## RECORDS SHOWN
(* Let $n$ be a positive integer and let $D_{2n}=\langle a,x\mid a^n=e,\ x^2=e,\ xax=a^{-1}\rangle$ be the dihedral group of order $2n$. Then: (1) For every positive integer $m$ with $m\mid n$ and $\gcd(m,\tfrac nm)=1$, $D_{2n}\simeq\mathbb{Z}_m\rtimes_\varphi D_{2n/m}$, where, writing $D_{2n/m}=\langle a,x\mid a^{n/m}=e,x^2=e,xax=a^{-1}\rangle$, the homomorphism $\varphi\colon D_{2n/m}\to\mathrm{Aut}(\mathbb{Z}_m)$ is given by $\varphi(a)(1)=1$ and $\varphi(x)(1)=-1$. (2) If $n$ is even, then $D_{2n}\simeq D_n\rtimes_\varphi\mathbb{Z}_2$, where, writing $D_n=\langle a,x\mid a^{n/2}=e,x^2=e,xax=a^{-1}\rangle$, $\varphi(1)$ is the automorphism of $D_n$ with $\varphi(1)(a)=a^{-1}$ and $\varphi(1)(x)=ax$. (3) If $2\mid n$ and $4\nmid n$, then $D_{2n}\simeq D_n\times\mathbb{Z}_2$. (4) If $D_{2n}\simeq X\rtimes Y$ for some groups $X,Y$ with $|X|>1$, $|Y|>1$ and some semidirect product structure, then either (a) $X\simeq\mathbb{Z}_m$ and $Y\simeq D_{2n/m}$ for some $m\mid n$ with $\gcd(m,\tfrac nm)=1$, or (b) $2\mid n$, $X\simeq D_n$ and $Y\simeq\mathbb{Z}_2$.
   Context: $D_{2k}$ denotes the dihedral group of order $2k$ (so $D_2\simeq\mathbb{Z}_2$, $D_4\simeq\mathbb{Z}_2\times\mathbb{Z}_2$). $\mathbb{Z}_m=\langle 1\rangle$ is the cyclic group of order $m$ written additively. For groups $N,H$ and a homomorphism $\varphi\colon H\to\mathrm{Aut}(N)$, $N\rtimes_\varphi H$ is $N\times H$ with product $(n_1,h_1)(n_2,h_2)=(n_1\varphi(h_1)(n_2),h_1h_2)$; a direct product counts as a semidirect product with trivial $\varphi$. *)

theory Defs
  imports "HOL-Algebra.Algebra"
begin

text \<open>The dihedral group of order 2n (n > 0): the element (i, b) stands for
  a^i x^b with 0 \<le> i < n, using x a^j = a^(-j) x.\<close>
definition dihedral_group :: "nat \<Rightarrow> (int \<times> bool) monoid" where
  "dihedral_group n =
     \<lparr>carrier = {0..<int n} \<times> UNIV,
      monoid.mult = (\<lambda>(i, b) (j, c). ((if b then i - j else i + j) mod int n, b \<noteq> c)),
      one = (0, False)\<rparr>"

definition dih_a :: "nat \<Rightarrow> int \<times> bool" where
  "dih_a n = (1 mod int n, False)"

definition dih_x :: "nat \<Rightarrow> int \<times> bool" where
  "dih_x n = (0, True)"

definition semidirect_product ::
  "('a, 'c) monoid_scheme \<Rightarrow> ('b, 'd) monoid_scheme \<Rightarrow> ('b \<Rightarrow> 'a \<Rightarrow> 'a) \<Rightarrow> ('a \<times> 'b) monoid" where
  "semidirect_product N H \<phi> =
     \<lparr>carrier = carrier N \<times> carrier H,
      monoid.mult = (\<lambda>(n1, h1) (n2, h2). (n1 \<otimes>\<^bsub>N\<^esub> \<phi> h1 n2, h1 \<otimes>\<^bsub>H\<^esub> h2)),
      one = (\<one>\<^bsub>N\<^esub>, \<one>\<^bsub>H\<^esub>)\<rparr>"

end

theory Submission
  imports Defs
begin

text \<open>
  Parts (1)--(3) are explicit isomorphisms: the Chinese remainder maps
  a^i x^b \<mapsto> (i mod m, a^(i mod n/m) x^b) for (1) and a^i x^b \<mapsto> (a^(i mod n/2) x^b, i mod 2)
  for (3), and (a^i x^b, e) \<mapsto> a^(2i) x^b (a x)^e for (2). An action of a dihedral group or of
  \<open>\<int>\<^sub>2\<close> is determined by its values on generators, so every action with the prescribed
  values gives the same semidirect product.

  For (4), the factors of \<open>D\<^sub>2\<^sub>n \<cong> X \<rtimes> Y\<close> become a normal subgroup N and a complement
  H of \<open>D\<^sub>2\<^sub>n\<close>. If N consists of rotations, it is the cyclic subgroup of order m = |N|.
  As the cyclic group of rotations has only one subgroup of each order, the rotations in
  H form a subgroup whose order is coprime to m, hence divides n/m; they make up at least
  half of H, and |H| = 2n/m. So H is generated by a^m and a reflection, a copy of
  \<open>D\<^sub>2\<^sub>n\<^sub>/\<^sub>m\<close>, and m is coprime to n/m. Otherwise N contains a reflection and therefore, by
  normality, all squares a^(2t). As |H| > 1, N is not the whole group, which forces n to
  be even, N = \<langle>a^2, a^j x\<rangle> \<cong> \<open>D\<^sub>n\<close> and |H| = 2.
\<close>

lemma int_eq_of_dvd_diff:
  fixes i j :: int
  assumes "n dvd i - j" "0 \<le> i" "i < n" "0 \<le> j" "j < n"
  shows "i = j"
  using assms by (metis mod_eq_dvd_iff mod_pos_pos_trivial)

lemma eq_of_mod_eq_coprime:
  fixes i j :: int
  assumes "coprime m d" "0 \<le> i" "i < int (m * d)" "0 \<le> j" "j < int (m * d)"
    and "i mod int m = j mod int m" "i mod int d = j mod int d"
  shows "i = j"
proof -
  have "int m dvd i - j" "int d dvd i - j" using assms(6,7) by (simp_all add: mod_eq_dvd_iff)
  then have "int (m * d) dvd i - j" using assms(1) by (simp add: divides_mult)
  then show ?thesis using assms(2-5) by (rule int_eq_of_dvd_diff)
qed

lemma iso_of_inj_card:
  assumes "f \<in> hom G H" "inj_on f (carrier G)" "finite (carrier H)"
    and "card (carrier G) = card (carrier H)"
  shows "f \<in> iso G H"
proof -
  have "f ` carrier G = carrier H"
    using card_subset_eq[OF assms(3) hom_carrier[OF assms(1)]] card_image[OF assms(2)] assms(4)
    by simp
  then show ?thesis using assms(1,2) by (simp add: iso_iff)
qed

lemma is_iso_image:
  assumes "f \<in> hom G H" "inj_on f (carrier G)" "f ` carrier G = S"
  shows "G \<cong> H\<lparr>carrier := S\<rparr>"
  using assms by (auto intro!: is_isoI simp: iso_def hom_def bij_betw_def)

## EXERCISE GOAL
Above are the records. Identify each line that contains the word "reflection".

## ANSWER TO THE PROBLEM
  half of H, and |H| = 2n/m. So H is generated by a^m and a reflection, a copy of
  \<open>D\<^sub>2\<^sub>n\<^sub>/\<^sub>m\<close>, and m is coprime to n/m. Otherwise N contains a reflection and therefore, by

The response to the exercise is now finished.